[Saved entries]

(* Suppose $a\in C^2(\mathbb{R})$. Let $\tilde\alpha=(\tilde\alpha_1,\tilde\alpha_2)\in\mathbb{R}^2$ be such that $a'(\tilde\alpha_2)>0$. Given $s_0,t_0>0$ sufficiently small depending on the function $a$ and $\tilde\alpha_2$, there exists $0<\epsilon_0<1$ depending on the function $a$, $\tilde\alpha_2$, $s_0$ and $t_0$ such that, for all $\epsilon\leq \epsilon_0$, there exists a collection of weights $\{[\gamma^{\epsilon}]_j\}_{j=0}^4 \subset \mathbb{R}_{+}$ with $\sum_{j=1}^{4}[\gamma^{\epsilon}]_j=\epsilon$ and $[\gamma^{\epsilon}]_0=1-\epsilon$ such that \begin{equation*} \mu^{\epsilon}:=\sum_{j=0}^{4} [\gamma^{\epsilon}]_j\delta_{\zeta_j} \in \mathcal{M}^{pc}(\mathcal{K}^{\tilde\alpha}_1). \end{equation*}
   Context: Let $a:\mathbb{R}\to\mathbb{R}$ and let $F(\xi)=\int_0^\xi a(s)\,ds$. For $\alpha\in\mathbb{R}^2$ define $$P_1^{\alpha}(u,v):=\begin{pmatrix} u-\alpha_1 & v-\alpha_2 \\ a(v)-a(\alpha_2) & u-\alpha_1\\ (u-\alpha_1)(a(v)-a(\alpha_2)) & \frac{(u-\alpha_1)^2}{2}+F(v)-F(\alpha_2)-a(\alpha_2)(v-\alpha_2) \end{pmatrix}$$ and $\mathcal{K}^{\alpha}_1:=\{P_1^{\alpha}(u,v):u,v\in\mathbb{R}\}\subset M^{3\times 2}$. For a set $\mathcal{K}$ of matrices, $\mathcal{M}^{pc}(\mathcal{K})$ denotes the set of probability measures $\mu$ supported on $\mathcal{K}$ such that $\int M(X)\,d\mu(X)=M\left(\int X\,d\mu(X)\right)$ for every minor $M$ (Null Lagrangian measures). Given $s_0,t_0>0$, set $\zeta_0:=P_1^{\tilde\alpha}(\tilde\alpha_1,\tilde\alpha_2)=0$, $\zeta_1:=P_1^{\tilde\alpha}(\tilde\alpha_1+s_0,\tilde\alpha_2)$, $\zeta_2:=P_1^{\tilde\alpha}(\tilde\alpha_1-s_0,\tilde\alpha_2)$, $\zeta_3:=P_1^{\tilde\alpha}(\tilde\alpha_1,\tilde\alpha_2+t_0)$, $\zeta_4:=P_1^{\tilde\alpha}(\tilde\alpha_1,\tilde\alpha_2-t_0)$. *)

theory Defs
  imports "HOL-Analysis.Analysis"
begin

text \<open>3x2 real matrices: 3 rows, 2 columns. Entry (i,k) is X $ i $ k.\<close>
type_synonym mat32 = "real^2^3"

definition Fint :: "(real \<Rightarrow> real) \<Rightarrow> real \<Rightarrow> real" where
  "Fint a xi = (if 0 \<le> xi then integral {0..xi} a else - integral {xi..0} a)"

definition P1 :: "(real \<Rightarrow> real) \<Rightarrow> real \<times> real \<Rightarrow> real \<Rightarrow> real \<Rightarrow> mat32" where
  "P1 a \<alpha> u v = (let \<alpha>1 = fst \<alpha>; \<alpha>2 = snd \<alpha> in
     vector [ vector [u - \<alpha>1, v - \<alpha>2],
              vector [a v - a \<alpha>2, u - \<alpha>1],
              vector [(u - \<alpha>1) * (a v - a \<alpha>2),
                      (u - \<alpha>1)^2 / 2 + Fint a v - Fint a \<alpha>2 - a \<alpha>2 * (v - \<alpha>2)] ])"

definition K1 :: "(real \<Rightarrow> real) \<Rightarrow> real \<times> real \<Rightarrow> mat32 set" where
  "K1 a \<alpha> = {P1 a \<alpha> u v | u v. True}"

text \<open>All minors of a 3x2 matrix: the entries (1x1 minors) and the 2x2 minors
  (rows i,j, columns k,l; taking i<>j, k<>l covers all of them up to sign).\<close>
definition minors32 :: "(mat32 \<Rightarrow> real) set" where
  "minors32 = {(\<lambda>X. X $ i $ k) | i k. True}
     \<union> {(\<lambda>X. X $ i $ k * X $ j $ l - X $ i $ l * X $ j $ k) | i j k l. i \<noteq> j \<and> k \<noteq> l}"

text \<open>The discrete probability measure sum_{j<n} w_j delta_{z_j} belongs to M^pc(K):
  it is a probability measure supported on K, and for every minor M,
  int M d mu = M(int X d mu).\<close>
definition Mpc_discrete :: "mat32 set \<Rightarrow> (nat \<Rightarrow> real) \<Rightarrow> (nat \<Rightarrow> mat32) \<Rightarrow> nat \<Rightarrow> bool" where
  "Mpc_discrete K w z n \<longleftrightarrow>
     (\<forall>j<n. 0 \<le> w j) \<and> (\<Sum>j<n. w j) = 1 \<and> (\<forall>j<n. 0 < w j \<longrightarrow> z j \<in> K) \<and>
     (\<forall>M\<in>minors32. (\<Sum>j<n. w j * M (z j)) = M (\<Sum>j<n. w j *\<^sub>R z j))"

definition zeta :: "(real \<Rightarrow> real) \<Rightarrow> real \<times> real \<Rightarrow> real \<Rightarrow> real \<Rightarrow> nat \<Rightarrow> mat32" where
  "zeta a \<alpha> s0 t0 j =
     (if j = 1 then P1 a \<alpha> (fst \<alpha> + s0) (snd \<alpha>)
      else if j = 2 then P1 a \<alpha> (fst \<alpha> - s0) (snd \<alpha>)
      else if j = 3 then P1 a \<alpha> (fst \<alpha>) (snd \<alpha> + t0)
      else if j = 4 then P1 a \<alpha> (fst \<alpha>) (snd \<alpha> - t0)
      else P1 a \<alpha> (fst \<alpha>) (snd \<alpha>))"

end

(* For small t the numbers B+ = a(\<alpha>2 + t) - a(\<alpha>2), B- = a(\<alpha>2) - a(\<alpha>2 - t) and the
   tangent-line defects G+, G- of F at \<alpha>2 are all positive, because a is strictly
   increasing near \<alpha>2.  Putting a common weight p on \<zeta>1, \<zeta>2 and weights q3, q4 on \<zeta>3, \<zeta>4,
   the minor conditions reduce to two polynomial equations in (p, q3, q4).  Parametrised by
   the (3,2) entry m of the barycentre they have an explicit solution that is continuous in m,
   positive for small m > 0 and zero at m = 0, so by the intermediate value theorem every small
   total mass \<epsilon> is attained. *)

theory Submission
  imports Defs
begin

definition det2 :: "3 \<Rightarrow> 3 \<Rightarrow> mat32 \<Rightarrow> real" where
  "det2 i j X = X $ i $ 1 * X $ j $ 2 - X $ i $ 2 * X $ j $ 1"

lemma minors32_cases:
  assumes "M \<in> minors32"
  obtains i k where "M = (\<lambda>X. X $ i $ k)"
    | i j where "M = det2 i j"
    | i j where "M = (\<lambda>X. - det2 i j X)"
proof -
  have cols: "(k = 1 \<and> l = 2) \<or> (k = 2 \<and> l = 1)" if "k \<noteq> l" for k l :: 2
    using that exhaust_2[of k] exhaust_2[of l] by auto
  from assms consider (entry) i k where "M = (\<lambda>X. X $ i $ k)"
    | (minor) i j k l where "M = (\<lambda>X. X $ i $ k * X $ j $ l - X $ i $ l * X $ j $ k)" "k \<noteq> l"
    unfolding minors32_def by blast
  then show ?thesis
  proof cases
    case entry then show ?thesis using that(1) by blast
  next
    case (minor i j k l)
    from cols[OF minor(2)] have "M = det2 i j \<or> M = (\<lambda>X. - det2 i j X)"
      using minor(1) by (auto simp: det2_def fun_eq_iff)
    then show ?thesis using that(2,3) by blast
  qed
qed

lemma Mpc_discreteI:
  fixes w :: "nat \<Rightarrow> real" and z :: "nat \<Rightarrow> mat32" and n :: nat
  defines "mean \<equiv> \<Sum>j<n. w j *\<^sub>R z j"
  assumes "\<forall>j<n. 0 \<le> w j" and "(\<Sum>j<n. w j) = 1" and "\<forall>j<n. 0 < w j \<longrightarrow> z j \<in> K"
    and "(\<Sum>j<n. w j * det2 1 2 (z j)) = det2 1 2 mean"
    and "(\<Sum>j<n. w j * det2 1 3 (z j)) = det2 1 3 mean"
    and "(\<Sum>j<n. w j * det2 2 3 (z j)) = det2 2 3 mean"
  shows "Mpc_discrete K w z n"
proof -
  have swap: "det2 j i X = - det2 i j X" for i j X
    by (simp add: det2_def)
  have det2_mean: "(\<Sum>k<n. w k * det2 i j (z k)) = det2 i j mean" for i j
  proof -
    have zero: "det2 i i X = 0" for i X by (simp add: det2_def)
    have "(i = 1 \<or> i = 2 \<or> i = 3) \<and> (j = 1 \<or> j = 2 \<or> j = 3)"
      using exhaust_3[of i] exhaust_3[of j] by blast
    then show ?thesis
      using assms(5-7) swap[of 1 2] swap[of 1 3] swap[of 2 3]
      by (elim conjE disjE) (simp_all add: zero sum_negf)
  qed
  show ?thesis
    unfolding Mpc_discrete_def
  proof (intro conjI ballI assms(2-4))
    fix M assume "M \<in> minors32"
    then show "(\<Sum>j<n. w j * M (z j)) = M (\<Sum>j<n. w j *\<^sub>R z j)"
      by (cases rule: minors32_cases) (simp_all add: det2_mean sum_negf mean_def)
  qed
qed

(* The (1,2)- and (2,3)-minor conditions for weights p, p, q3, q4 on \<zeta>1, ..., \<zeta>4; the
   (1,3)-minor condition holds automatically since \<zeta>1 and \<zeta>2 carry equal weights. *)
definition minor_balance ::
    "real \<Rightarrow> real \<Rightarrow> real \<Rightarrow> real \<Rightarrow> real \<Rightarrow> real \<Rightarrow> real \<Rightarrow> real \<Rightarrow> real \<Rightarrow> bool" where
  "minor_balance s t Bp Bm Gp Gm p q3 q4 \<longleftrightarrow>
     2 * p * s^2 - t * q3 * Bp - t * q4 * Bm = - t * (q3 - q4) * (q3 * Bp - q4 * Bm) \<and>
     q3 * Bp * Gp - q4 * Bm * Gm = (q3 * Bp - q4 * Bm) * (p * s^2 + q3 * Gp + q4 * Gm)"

--

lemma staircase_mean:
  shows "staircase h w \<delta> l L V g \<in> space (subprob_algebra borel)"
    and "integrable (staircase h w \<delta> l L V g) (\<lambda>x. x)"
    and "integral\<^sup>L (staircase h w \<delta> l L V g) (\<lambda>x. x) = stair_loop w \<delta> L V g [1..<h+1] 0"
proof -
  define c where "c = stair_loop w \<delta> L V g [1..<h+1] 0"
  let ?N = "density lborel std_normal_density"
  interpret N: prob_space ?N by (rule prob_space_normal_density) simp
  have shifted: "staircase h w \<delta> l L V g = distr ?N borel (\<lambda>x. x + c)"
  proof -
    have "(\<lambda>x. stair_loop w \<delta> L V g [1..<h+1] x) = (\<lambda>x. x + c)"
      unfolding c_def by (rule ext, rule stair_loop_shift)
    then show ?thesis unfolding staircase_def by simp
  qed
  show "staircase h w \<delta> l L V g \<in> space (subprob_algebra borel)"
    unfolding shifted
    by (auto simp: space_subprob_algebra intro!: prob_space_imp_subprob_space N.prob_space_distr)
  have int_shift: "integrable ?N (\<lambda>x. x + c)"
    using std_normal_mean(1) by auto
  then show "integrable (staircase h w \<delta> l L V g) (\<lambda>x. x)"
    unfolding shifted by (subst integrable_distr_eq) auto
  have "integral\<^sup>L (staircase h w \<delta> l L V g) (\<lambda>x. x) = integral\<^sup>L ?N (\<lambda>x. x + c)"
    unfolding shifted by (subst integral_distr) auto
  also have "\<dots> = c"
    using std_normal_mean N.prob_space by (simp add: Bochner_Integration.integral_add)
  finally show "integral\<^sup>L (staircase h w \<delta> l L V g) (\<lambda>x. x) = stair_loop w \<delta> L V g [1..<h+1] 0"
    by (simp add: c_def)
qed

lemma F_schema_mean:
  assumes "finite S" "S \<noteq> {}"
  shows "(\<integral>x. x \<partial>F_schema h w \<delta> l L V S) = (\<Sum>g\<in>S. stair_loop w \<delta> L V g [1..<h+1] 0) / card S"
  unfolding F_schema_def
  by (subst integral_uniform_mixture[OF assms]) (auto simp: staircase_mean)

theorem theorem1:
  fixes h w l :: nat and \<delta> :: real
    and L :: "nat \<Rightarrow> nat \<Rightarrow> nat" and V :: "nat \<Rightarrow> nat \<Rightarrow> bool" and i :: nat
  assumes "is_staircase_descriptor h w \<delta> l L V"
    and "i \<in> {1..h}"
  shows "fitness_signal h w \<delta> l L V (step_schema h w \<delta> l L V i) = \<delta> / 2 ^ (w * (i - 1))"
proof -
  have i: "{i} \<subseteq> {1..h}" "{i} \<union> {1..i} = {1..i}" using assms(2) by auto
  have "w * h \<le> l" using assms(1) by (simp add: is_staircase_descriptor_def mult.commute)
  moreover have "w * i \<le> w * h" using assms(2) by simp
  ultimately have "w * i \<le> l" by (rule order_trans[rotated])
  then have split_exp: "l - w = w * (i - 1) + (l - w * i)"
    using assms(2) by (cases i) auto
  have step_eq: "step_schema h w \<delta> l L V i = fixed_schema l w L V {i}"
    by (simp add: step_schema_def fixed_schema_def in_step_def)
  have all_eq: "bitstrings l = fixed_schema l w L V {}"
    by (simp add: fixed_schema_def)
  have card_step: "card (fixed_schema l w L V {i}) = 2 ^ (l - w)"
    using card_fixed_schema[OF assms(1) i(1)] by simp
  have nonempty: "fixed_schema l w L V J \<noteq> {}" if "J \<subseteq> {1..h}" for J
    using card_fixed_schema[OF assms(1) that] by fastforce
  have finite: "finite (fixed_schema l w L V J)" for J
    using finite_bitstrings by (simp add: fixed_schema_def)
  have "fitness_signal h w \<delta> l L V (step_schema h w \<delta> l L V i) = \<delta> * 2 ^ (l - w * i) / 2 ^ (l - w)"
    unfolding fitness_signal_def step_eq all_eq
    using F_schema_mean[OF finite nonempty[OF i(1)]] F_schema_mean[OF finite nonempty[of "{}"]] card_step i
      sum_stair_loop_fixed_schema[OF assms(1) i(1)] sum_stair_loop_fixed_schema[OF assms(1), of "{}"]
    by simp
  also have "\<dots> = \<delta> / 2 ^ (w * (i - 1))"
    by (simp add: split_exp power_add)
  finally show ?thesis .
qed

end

TASK ITEM –
Looking at the records above, return exactly the lines from the line with "text \<open>All minors" to the line with "z n \<longleftrightarrow>", both ends included.

REPLY TO THE EXERCISE –
text \<open>All minors of a 3x2 matrix: the entries (1x1 minors) and the 2x2 minors
  (rows i,j, columns k,l; taking i<>j, k<>l covers all of them up to sign).\<close>
definition minors32 :: "(mat32 \<Rightarrow> real) set" where
  "minors32 = {(\<lambda>X. X $ i $ k) | i k. True}
     \<union> {(\<lambda>X. X $ i $ k * X $ j $ l - X $ i $ l * X $ j $ k) | i j k l. i \<noteq> j \<and> k \<noteq> l}"

text \<open>The discrete probability measure sum_{j<n} w_j delta_{z_j} belongs to M^pc(K):
  it is a probability measure supported on K, and for every minor M,
  int M d mu = M(int X d mu).\<close>
definition Mpc_discrete :: "mat32 set \<Rightarrow> (nat \<Rightarrow> real) \<Rightarrow> (nat \<Rightarrow> mat32) \<Rightarrow> nat \<Rightarrow> bool" where
  "Mpc_discrete K w z n \<longleftrightarrow>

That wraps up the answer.